▶ _Stored entries_
------------------------------------------------------------------------

lemma inner_transpose_matrix_vector: "x \<bullet> (transpose N *v y) = (N *v x) \<bullet> (y :: real^'n)"
  by (simp add: dot_lmul_matrix[symmetric] inner_commute)

lemma outer_mult_vector: "outer u v *v y = (v \<bullet> y) *\<^sub>R u"
  unfolding outer_def matrix_vector_mult_def inner_vec_def
  by (simp add: vec_eq_iff sum_distrib_left sum_distrib_right mult_ac)

lemma diag_mat_mult_vector: "diag_mat d *v x = (\<chi> i. d $ i * x $ i)"
proof -
  have "\<And>i j. (if i = j then d $ i else 0) * x $ j = (if j = i then d $ i * x $ i else 0)"
    by auto
  then show ?thesis unfolding diag_mat_def matrix_vector_mult_def by (simp add: vec_eq_iff)
qed

lemma diag_mat_mult: "diag_mat d ** diag_mat e = diag_mat (\<chi> i. d $ i * e $ i)"
proof -
  have "\<And>i j k. (if i = k then d $ i else 0) * (if k = j then e $ k else 0)
                 = (if k = i then (if i = j then d $ i * e $ i else 0) else 0)"
    by auto
  then show ?thesis unfolding diag_mat_def matrix_matrix_mult_def by (simp add: vec_eq_iff)
qed

lemma diag_mat_diff: "diag_mat d - diag_mat e = diag_mat (d - e)"
  unfolding diag_mat_def by (simp add: vec_eq_iff)

lemma mat_1_eq_diag_mat: "mat 1 = diag_mat (\<chi> i. (1::real))"
  unfolding diag_mat_def mat_def by (simp add: vec_eq_iff)

lemma transpose_diag_mat: "transpose (diag_mat d) = diag_mat d"
  unfolding diag_mat_def transpose_def by (simp add: vec_eq_iff)

lemma matrix_inv_diag_mat:
  assumes "\<And>i. d $ i \<noteq> (0::real)"
  shows "matrix_inv (diag_mat d) = diag_mat (\<chi> i. 1 / d $ i)"
  by (rule matrix_inv_unique) (simp add: assms diag_mat_mult mat_1_eq_diag_mat)

lemma pos_def_diag_mat:
  assumes "\<And>i. d $ i > 0"
  shows "pos_def_mat (diag_mat d)"
  unfolding pos_def_mat_def
proof (intro conjI allI impI)
  show "transpose (diag_mat d) = diag_mat d" by (rule transpose_diag_mat)
  fix x :: "real^'a" assume "x \<noteq> 0"
  then obtain k where "x $ k \<noteq> 0" by (metis vec_eq_iff zero_index)
  have "0 < d $ k * (x $ k)\<^sup>2" using assms[of k] \<open>x $ k \<noteq> 0\<close> by simp
  also have "\<dots> \<le> (\<Sum>i\<in>UNIV. d $ i * (x $ i)\<^sup>2)"
    by (intro member_le_sum) (auto intro: mult_nonneg_nonneg less_imp_le[OF assms])
  also have "\<dots> = x \<bullet> (diag_mat d *v x)"
    by (simp add: diag_mat_mult_vector inner_vec_def power2_eq_square mult_ac)
  finally show "x \<bullet> (diag_mat d *v x) > 0" .
qed

lemma pos_def_invertible:
  fixes N :: "real^'n^'n"
  assumes "pos_def_mat N"
  shows "invertible N"
proof -
  have "\<forall>x. N *v x = 0 \<longrightarrow> x = 0"
    using assms unfolding pos_def_mat_def by (metis inner_zero_right less_irrefl)
  then show ?thesis using matrix_left_invertible_ker invertible_left_inverse by blast
qed

lemma transpose_matrix_inv_pos_def:
  fixes N :: "real^'n^'n"
  assumes "pos_def_mat N"
  shows "transpose (matrix_inv N) = matrix_inv N"
  using assms transpose_matrix_inv pos_def_invertible unfolding pos_def_mat_def by blast

lemma pos_def_congruence:
  fixes P M :: "real^'n^'n"
  assumes "pos_def_mat P" "invertible M"
  shows "pos_def_mat (transpose M ** P ** M)"
  unfolding pos_def_mat_def
proof (intro conjI allI impI)
  show "transpose (transpose M ** P ** M) = transpose M ** P ** M"
    using assms(1) by (simp add: matrix_transpose_mul matrix_mul_assoc pos_def_mat_def)
  fix x :: "real^'n" assume "x \<noteq> 0"
  then have "M *v x \<noteq> 0"
    using inj_matrix_vector_mult[OF assms(2)] by (metis injD matrix_vector_mult_0_right)
  then have "0 < (M *v x) \<bullet> (P *v (M *v x))" using assms(1) unfolding pos_def_mat_def by blast
  also have "(M *v x) \<bullet> (P *v (M *v x)) = x \<bullet> ((transpose M ** P ** M) *v x)"
    unfolding matrix_vector_mul_assoc[symmetric] by (rule inner_transpose_matrix_vector[symmetric])
  finally show "x \<bullet> ((transpose M ** P ** M) *v x) > 0" .
qed

lemma pos_def_add_pos_semidef:
  fixes P Q :: "real^'n^'n"
  assumes "pos_def_mat P" "transpose Q = Q" "\<And>x. x \<bullet> (Q *v x) \<ge> 0"
  shows "pos_def_mat (P + Q)"
  using assms unfolding pos_def_mat_def
  by (simp add: transpose_add matrix_vector_mult_add_rdistrib inner_add_right add_pos_nonneg)

text \<open>
  With \<open>u = N\<^sup>-\<^sup>1 P y\<close> one has \<open>x \<bullet> N\<^sup>-\<^sup>1 x = x \<bullet> y + y \<bullet> P y + u \<bullet> N u\<close> for
  \<open>x = (N + P) y\<close>; no symmetry of \<open>P\<close> is needed.
\<close>
lemma inner_matrix_inv_add_ge:
  fixes N P :: "real^'n^'n" and y :: "real^'n"
  assumes N: "pos_def_mat N" and P: "\<And>v. v \<bullet> (P *v v) \<ge> 0"
  defines "x \<equiv> (N + P) *v y"
  shows "x \<bullet> y \<le> x \<bullet> (matrix_inv N *v x)"
proof -
  define u where "u = matrix_inv N *v (P *v y)"
  have inv: "invertible N" and symN: "transpose N = N"
    using N pos_def_invertible unfolding pos_def_mat_def by blast+
  have Nu: "N *v u = P *v y"
    by (simp add: u_def matrix_vector_mul_assoc matrix_mul_assoc matrix_inv_right[OF inv])
  have "matrix_inv N *v x = y + u"
    by (simp add: x_def u_def matrix_vector_mult_add_rdistrib matrix_vector_right_distrib
        matrix_vector_mul_assoc matrix_inv_left[OF inv])
  then have "x \<bullet> (matrix_inv N *v x) = x \<bullet> y + ((N *v y) \<bullet> u + (P *v y) \<bullet> u)"
    by (simp add: x_def matrix_vector_mult_add_rdistrib inner_add_left inner_add_right)
  also have "(N *v y) \<bullet> u = y \<bullet> (P *v y)"
    using inner_transpose_matrix_vector[of y N u] by (simp add: symN Nu)
  also have "(P *v y) \<bullet> u = u \<bullet> (N *v u)" by (simp add: Nu inner_commute)
  finally show ?thesis
    using P[of y] N unfolding pos_def_mat_def
    by (cases "u = 0") (auto intro: less_imp_le)
qed

lemma loewner_matrix_inv_antimono:
  fixes M N :: "real^'n^'n"
  assumes M: "pos_def_mat M" and N: "pos_def_mat N"
    and le: "\<And>v. v \<bullet> ((matrix_inv M - N) *v v) \<ge> 0"
  shows "x \<bullet> (M *v x) \<le> x \<bullet> (matrix_inv N *v x)"
proof -
  have "x = (N + (matrix_inv M - N)) *v (M *v x)"
    using matrix_inv_left[OF pos_def_invertible[OF M]] by (simp add: matrix_vector_mul_assoc)
  then show ?thesis
    using inner_matrix_inv_add_ge[OF N le, of "M *v x"]
    by (simp add: inner_transpose_matrix_vector[of x M x, symmetric] M[unfolded pos_def_mat_def])
qed

lemma pos_def_add_rank_one_update_gap:
  fixes P M :: "real^'n^'n" and c :: "real^'n"
  assumes P: "pos_def_mat P" and M: "pos_def_mat M" and t: "t \<ge> 0"
    and N: "pos_def_mat (matrix_inv M - t *\<^sub>R outer c c)"
  shows "pos_def_mat (P + (matrix_inv (matrix_inv M - t *\<^sub>R outer c c) - M))"
proof (rule pos_def_add_pos_semidef[OF P])
  show "transpose (matrix_inv (matrix_inv M - t *\<^sub>R outer c c) - M)
        = matrix_inv (matrix_inv M - t *\<^sub>R outer c c) - M"
    using transpose_matrix_inv_pos_def[OF N] M by (simp add: transpose_diff pos_def_mat_def)
  have "v \<bullet> ((matrix_inv M - (matrix_inv M - t *\<^sub>R outer c c)) *v v) \<ge> 0" for v
    using t by (simp add: scaleR_matrix_vector_assoc[symmetric] outer_mult_vector
        inner_commute[of v c] mult.assoc)
  from loewner_matrix_inv_antimono[OF M N this]
  show "x \<bullet> ((matrix_inv (matrix_inv M - t *\<^sub>R outer c c) - M) *v x) \<ge> 0" for x
    by (simp add: matrix_vector_mult_diff_rdistrib inner_diff_right)
qed
lemma cosh_diff_pos:
  fixes r s :: real
  assumes "0 \<le> r" "r < s"
  shows "cosh s - cosh r > 0"
  using cosh_real_strict_mono[OF assms] by simp

lemma cosh_diff_ge_sinh_mult:
  fixes r s :: real
  assumes "0 \<le> r" "r \<le> s"
  shows "sinh r * (s - r) \<le> cosh s - cosh r"
proof (cases "r = s")
  case False
  then have "r < s" using assms by simp
  then have "\<exists>z>r. z < s \<and> cosh s - cosh r = (s - r) * sinh z"
    by (intro MVT2) (auto intro!: derivative_eq_intros)
  then obtain z where z: "r < z" "z < s" "cosh s - cosh r = (s - r) * sinh z" by blast
  then have "sinh r \<le> sinh z" by simp
  with z show ?thesis by (simp add: mult.commute mult_left_mono)
qed simp

lemma cosh_diff_ge_square_diff:
  fixes r s :: real
  assumes "0 \<le> r" "r \<le> s"
  shows "(s\<^sup>2 - r\<^sup>2) / 2 \<le> cosh s - cosh r"
proof (cases "r = s")
  case False
  then have "r < s" using assms by simp
  then have "\<exists>z>r. z < s \<and> (cosh s - s\<^sup>2 / 2) - (cosh r - r\<^sup>2 / 2) = (s - r) * (sinh z - z)"
    by (intro MVT2) (auto intro!: derivative_eq_intros)
  then obtain z where z: "r < z" "z < s"
      "(cosh s - s\<^sup>2 / 2) - (cosh r - r\<^sup>2 / 2) = (s - r) * (sinh z - z)" by blast
  have "z \<le> sinh z"
    using real_le_x_sinh[of z] z assms by (simp add: sinh_field_def exp_minus)
  with \<open>r < s\<close> have "0 \<le> (s - r) * (sinh z - z)" by simp
  with z show ?thesis by simp
qed simp

lemma integral_deriv_mult_decreasing_le:
  fixes E :: "real \<Rightarrow> complex" and G G' :: "real \<Rightarrow> real"
  assumes AB: "A \<le> B"
    and E: "\<And>x. x \<in> {A..B} \<Longrightarrow> (E has_vector_derivative E' x) (at x)"
    and E_le: "\<And>x. x \<in> {A..B} \<Longrightarrow> norm (E x) \<le> 1"
    and G: "\<And>x. x \<in> {A..B} \<Longrightarrow> (G has_real_derivative G' x) (at x)"
    and G'_cont: "continuous_on {A..B} G'"
    and G'_le: "\<And>x. x \<in> {A..B} \<Longrightarrow> G' x \<le> 0"
    and G_nonneg: "0 \<le> G B"
  shows "(\<lambda>x. E' x * of_real (G x)) integrable_on {A..B}"
    and "norm (integral {A..B} (\<lambda>x. E' x * of_real (G x))) \<le> 2 * G A"
proof -
  have E_cont: "continuous_on {A..B} E"
    using E by (meson continuous_at_imp_continuous_on has_vector_derivative_continuous)
  have G_vec: "x \<in> {A..B} \<Longrightarrow> ((\<lambda>x. of_real (G x) :: complex) has_vector_derivative of_real (G' x)) (at x)" for x
    using G by (intro has_vector_derivative_of_real) (simp add: has_real_derivative_iff_has_vector_derivative)
  then have G_cont: "continuous_on {A..B} (\<lambda>x. of_real (G x) :: complex)"
    by (meson continuous_at_imp_continuous_on has_vector_derivative_continuous)
  define J where "J = integral {A..B} (\<lambda>x. E x * of_real (G' x))"
  have int: "(\<lambda>x. E x * of_real (G' x)) integrable_on {A..B}"
    by (intro integrable_continuous_interval continuous_intros E_cont G'_cont)
  have "((\<lambda>x. E x * of_real (G' x)) has_integral
      E B * of_real (G B) - E A * of_real (G A) - (E B * of_real (G B) - E A * of_real (G A) - J)) {A..B}"
    using integrable_integral[OF int] by (simp add: J_def)
  from integration_by_parts[OF bounded_bilinear_mult AB E_cont G_cont E G_vec this]
  have parts: "((\<lambda>x. E' x * of_real (G x)) has_integral E B * of_real (G B) - E A * of_real (G A) - J) {A..B}" .
  then show "(\<lambda>x. E' x * of_real (G x)) integrable_on {A..B}" by blast
  have I: "integral {A..B} (\<lambda>x. E' x * of_real (G x)) = E B * of_real (G B) - E A * of_real (G A) - J"
    using parts by (rule integral_unique)
  have ftc: "(G' has_integral (G B - G A)) {A..B}"
    by (rule fundamental_theorem_of_calculus[OF AB])
       (use G in \<open>auto simp: has_real_derivative_iff_has_vector_derivative has_vector_derivative_at_within\<close>)
  have "norm J \<le> integral {A..B} (\<lambda>x. - G' x)"
    unfolding J_def using ftc E_le G'_le
    by (intro integral_norm_bound_integral int)
       (auto simp: norm_mult intro!: integrable_neg, metis mult_1 mult_right_mono_neg)
  also have "\<dots> = G A - G B" using ftc by (simp add: integral_unique)
  finally have J_le: "norm J \<le> G A - G B" .
  have "0 \<le> G A" using J_le G_nonneg norm_ge_zero[of J] by linarith
  then have "norm (E A * of_real (G A)) \<le> G A" "norm (E B * of_real (G B)) \<le> G B"
    using G_nonneg E_le[of A] E_le[of B] AB by (auto simp: norm_mult intro!: mult_left_le_one_le)
  with J_le show "norm (integral {A..B} (\<lambda>x. E' x * of_real (G x))) \<le> 2 * G A"
    unfolding I using norm_triangle_ineq4 norm_triangle_ineq by (smt (verit, best))
qed

lemma integral_atLeast_norm_le_truncations:
  fixes f :: "real \<Rightarrow> 'a::euclidean_space"
  assumes f_cont: "continuous_on {A..} f"
    and h: "h integrable_on {A..}" and f_le: "\<And>x. A \<le> x \<Longrightarrow> norm (f x) \<le> h x"
    and truncations: "\<And>B. A \<le> B \<Longrightarrow> norm (integral {A..B} f) \<le> M"
  shows "f integrable_on {A..}" and "norm (integral {A..} f) \<le> M"
proof -
  define f_cut where "f_cut k x = (if x \<in> {A..A + real k} then f x else 0)" for k :: nat and x
  have "f integrable_on {A..A + real k}" for k
    by (rule integrable_continuous_interval) (auto intro: continuous_on_subset[OF f_cont])
  then have cut: "(f_cut k has_integral integral {A..A + real k} f) {A..}" for k
    unfolding f_cut_def by (subst has_integral_restrict) auto
  have conv: "(\<lambda>k. f_cut k x) \<longlonglongrightarrow> f x" if "x \<in> {A..}" for x
  proof (rule tendsto_eventually)
    show "\<forall>\<^sub>F k in sequentially. f_cut k x = f x"
      using eventually_ge_at_top[of "nat \<lceil>x - A\<rceil>"]
      by eventually_elim (use real_nat_ceiling_ge[of "x - A"] that in \<open>auto simp: f_cut_def\<close>)
  qed
  have le: "norm (f_cut k x) \<le> h x" if "x \<in> {A..}" for k x
    using f_le[of x] order_trans[OF norm_ge_zero f_le[of x]] that by (auto simp: f_cut_def)
  note dc = dominated_convergence[of f_cut "{A..}" h f, OF _ h le conv]
  show "f integrable_on {A..}" using dc(1) cut by blast
  have "integral {A..} (f_cut k) = integral {A..A + real k} f" for k
    using cut[of k] by (rule integral_unique)
  then have lim: "(\<lambda>k. integral {A..A + real k} f) \<longlonglongrightarrow> integral {A..} f"
    using dc(2) cut by auto
  show "norm (integral {A..} f) \<le> M"
    by (rule Lim_norm_ubound[OF _ lim]) (simp_all add: truncations)
qed
lemma tendsto_set_integral_mult_phi_endpoints:
  fixes g :: "real \<Rightarrow> real"
  assumes g_int: "set_integrable lborel {0..1} g"
    and "continuous (at 0 within {0..1}) g" "continuous (at 1 within {0..1}) g"
  shows "(\<lambda>n. LINT x:{0..1}|lborel. g x * phi n x) \<longlonglongrightarrow> (g 0 + g 1) / 2"
proof -
  have left_int: "set_integrable lborel {0..1/2} g" and right_int: "set_integrable lborel {1/2..1} g"
    by (rule set_integrable_subset[OF g_int]; auto)+
  have left_cont: "continuous (at 0 within {0..1/2}) g" and right_cont: "continuous (at 1 within {1/2..1}) g"
    by (rule continuous_within_subset[OF assms(2)] continuous_within_subset[OF assms(3)]; auto)+
  have split: "(LINT x:{0..1}|lborel. g x * phi n x)
      = (LINT x:{0..1/2}|lborel. g x * phi n x) + (LINT x:{1/2..1}|lborel. g x * phi n x)" for n
  proof -
    have "{0..1::real} = {0..1/2} \<union> {1/2..1}"
      by auto
    moreover have "AE x in lborel. \<not> (x \<in> {0..1/2::real} \<and> x \<in> {1/2..1})"
      using AE_lborel_singleton[of "1/2::real"] by eventually_elim auto
    then have "(LINT x:{0..1/2} \<union> {1/2..1}|lborel. g x * phi n x)
        = (LINT x:{0..1/2}|lborel. g x * phi n x) + (LINT x:{1/2..1}|lborel. g x * phi n x)"
      by (rule set_integral_Un_AE) (auto intro: set_integrable_mult_phi left_int right_int)
    ultimately show ?thesis
      by simp
  qed
  have "(\<lambda>n. LINT x:{0..1/2}|lborel. g x * phi n x) \<longlonglongrightarrow> 1/2 * g 0"
    by (rule tendsto_set_integral_mult_phi[OF left_int left_cont Ints_0 _ set_integral_phi_half_intervals_tendsto(1)])
      auto
  moreover have "(\<lambda>n. LINT x:{1/2..1}|lborel. g x * phi n x) \<longlonglongrightarrow> 1/2 * g 1"
    by (rule tendsto_set_integral_mult_phi[OF right_int right_cont Ints_1 _ set_integral_phi_half_intervals_tendsto(2)])
      auto
  ultimately have "(\<lambda>n. (LINT x:{0..1/2}|lborel. g x * phi n x) + (LINT x:{1/2..1}|lborel. g x * phi n x))
      \<longlonglongrightarrow> 1/2 * g 0 + 1/2 * g 1"
    by (rule tendsto_add)
  then show ?thesis
    unfolding split by (simp add: add_divide_distrib)
qed

theorem lemma3p2:
  fixes \<eta> :: real and f g :: "real \<Rightarrow> real"
  shows
  "(0 < \<eta> \<and> \<eta> < 1 \<and> set_integrable lborel {-\<eta>..1-\<eta>} f
      \<and> continuous (at 0 within {-\<eta>..1-\<eta>}) f
    \<longrightarrow> (\<lambda>n. LINT x:{-\<eta>..1-\<eta>}|lborel. f x * phi n x) \<longlonglongrightarrow> f 0)
   \<and> (set_integrable lborel {0..1} g
      \<and> continuous (at 0 within {0..1}) g \<and> continuous (at 1 within {0..1}) g
    \<longrightarrow> (\<lambda>n. LINT x:{0..1}|lborel. g x * phi n x) \<longlonglongrightarrow> (g 0 + g 1) / 2)"
  by (blast intro: tendsto_set_integral_mult_phi_interior tendsto_set_integral_mult_phi_endpoints)

end
lemma walks_Suc:
  assumes "j \<in> {1..n}"
  shows "walks n (Suc p) i j = (\<lambda>w. w @ [j]) ` (\<Union>l\<in>{1..n}. walks n p i l)"
proof (intro set_eqI iffI)
  fix w assume w: "w \<in> walks n (Suc p) i j"
  then have "w \<noteq> []" "last w = j" "length (butlast w) = Suc p" unfolding walks_def by auto
  then obtain u where u: "w = u @ [j]" "u \<noteq> []"
    by (metis append_butlast_last_id length_0_conv nat.distinct(1))
  moreover have su: "set u \<subseteq> {1..n}" using w u unfolding walks_def by auto
  ultimately have "u \<in> walks n p i (last u)" using w unfolding walks_def by auto
  moreover have "last u \<in> {1..n}" using su last_in_set[OF u(2)] by blast
  ultimately show "w \<in> (\<lambda>w. w @ [j]) ` (\<Union>l\<in>{1..n}. walks n p i l)" using u by blast
next
  fix w assume "w \<in> (\<lambda>w. w @ [j]) ` (\<Union>l\<in>{1..n}. walks n p i l)"
  then obtain u l where "w = u @ [j]" "u \<in> walks n p i l"
    by blast
  moreover have "u \<noteq> []" using \<open>u \<in> walks n p i l\<close> unfolding walks_def by auto
  ultimately show "w \<in> walks n (Suc p) i j" using assms unfolding walks_def by (simp add: hd_append)
qed

lemma mpow_eq_sum_walks:
  assumes "i \<in> {1..n}" "j \<in> {1..n}"
  shows "mpow n X p i j = (\<Sum>w\<in>walks n p i j. walk_weight X w)"
  using assms(2)
proof (induction p arbitrary: j)
  case 0
  then show ?case using assms(1) by (simp add: walks_0 idm_def)
next
  case (Suc p)
  have "mpow n X p i l * X l j = (\<Sum>w\<in>walks n p i l. walk_weight X (w @ [j]))"
    if "l \<in> {1..n}" for l
    unfolding Suc.IH[OF that] sum_distrib_right
    by (intro sum.cong refl) (subst walk_weight_snoc, auto simp: walks_def)
  then have "mpow n X (Suc p) i j = (\<Sum>l=1..n. \<Sum>w\<in>walks n p i l. walk_weight X (w @ [j]))"
    unfolding mpow.simps mmul_def by simp
  also have "\<dots> = (\<Sum>w\<in>(\<Union>l\<in>{1..n}. walks n p i l). walk_weight X (w @ [j]))"
    by (rule sum.UNION_disjoint[symmetric]) (simp, simp add: finite_walks, auto simp: walks_def)
  also have "\<dots> = (\<Sum>w\<in>walks n (Suc p) i j. walk_weight X w)"
    unfolding walks_Suc[OF Suc.prems] by (rule sum.reindex[symmetric, unfolded comp_def]) (auto intro: inj_onI)
  finally show ?case .
qed

lemma sum_mpow_eq_sum_walks:
  assumes "i \<in> {1..n}" "j \<in> {1..n}"
  shows "(\<Sum>p\<le>m. mpow n X p i j) = (\<Sum>w\<in>(\<Union>p\<le>m. walks n p i j). walk_weight X w)"
proof -
  have "(\<Sum>p\<le>m. mpow n X p i j) = (\<Sum>p\<le>m. \<Sum>w\<in>walks n p i j. walk_weight X w)"
    by (intro sum.cong refl mpow_eq_sum_walks[OF assms])
  also have "\<dots> = (\<Sum>w\<in>(\<Union>p\<le>m. walks n p i j). walk_weight X w)"
    by (rule sum.UNION_disjoint[symmetric]) (simp, simp add: finite_walks, auto simp: walks_def)
  finally show ?thesis .
qed

lemma kstar_eqI:
  assumes "\<And>m. N \<le> m \<Longrightarrow> (\<Sum>p\<le>m. mpow n X p i j) = s"
  shows "kstar n X i j = s"
  unfolding kstar_def
proof (rule the_equality)
  fix s' assume "\<exists>N'. \<forall>m\<ge>N'. (\<Sum>p\<le>m. mpow n X p i j) = s'"
  then obtain N' where "\<forall>m\<ge>N'. (\<Sum>p\<le>m. mpow n X p i j) = s'" by blast
  then show "s' = s" using assms[of "max N N'"] by simp
qed (use assms in blast)

section \<open>Signs of permutations and the adjugate\<close>

lemma ssign_comp:
  "permutation p \<Longrightarrow> permutation q \<Longrightarrow>
    (ssign (p \<circ> q) :: 'g::linordered_ab_group_add smax) = ssign p * ssign q"
  unfolding ssign_def by (auto simp: evenperm_comp minus_one_mult_smax)

lemma ssign_inv: "permutation p \<Longrightarrow> ssign (inv p) = ssign p"
  unfolding ssign_def by (simp add: evenperm_inv)

lemma ssign_transpose: "a \<noteq> b \<Longrightarrow> ssign (transpose a b) = - 1"
  unfolding ssign_def by (simp add: evenperm_swap)

lemma ssign_nonzero: "ssign p \<noteq> (0::'g::linordered_ab_group_add smax)"
  and modulus_ssign [simp]: "modulus (ssign p :: 'g smax) = 0"
  unfolding ssign_def by (auto simp: smax_unfold_0_1)

lemma evenperm_cycle_of_list:
  "distinct cs \<Longrightarrow> evenperm (cycle_of_list cs) \<longleftrightarrow> even (length cs - 1)"
proof (induction cs rule: cycle_of_list.induct)
  case (1 i j cs)
  then show ?case
    unfolding cycle_of_list.simps(1) evenperm_comp[OF permutation_swap_id permutation_of_cycle]
    by (simp add: evenperm_swap)
qed simp_all

lemma ssign_cycle_of_list:
  "distinct cs \<Longrightarrow> ssign (cycle_of_list cs) = (- 1::'g::linordered_ab_group_add smax) ^ (length cs - 1)"
  unfolding ssign_def minus_one_power_smax by (simp add: evenperm_cycle_of_list)

lemma map_cycle_of_list: "distinct cs \<Longrightarrow> cs \<noteq> [] \<Longrightarrow> map (cycle_of_list cs) cs = tl cs @ [hd cs]"
  using cyclic_rotation[of cs 1] by (simp add: rotate1_hd_tl)

lemma cycle_of_list_nth:
  assumes "distinct cs" "Suc t < length cs"
  shows "cycle_of_list cs (cs ! t) = cs ! Suc t"
proof -
  have ne: "cs \<noteq> []" using assms(2) by auto
  have "cycle_of_list cs (cs ! t) = map (cycle_of_list cs) cs ! t"
    using assms(2) by simp
  also have "\<dots> = (tl cs @ [hd cs]) ! t"
    by (subst map_cycle_of_list[OF assms(1) ne]) (rule refl)
  also have "\<dots> = cs ! Suc t"
    using assms(2) by (auto simp: nth_append nth_tl)
  finally show ?thesis .
qed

------------------------------------------------------------------------

▶ _Exercise prompt_
Which lines above hold the word "symN"? Copy each of them.

▶ _Output of the exercise_
  have inv: "invertible N" and symN: "transpose N = N"
    using inner_transpose_matrix_vector[of y N u] by (simp add: symN Nu)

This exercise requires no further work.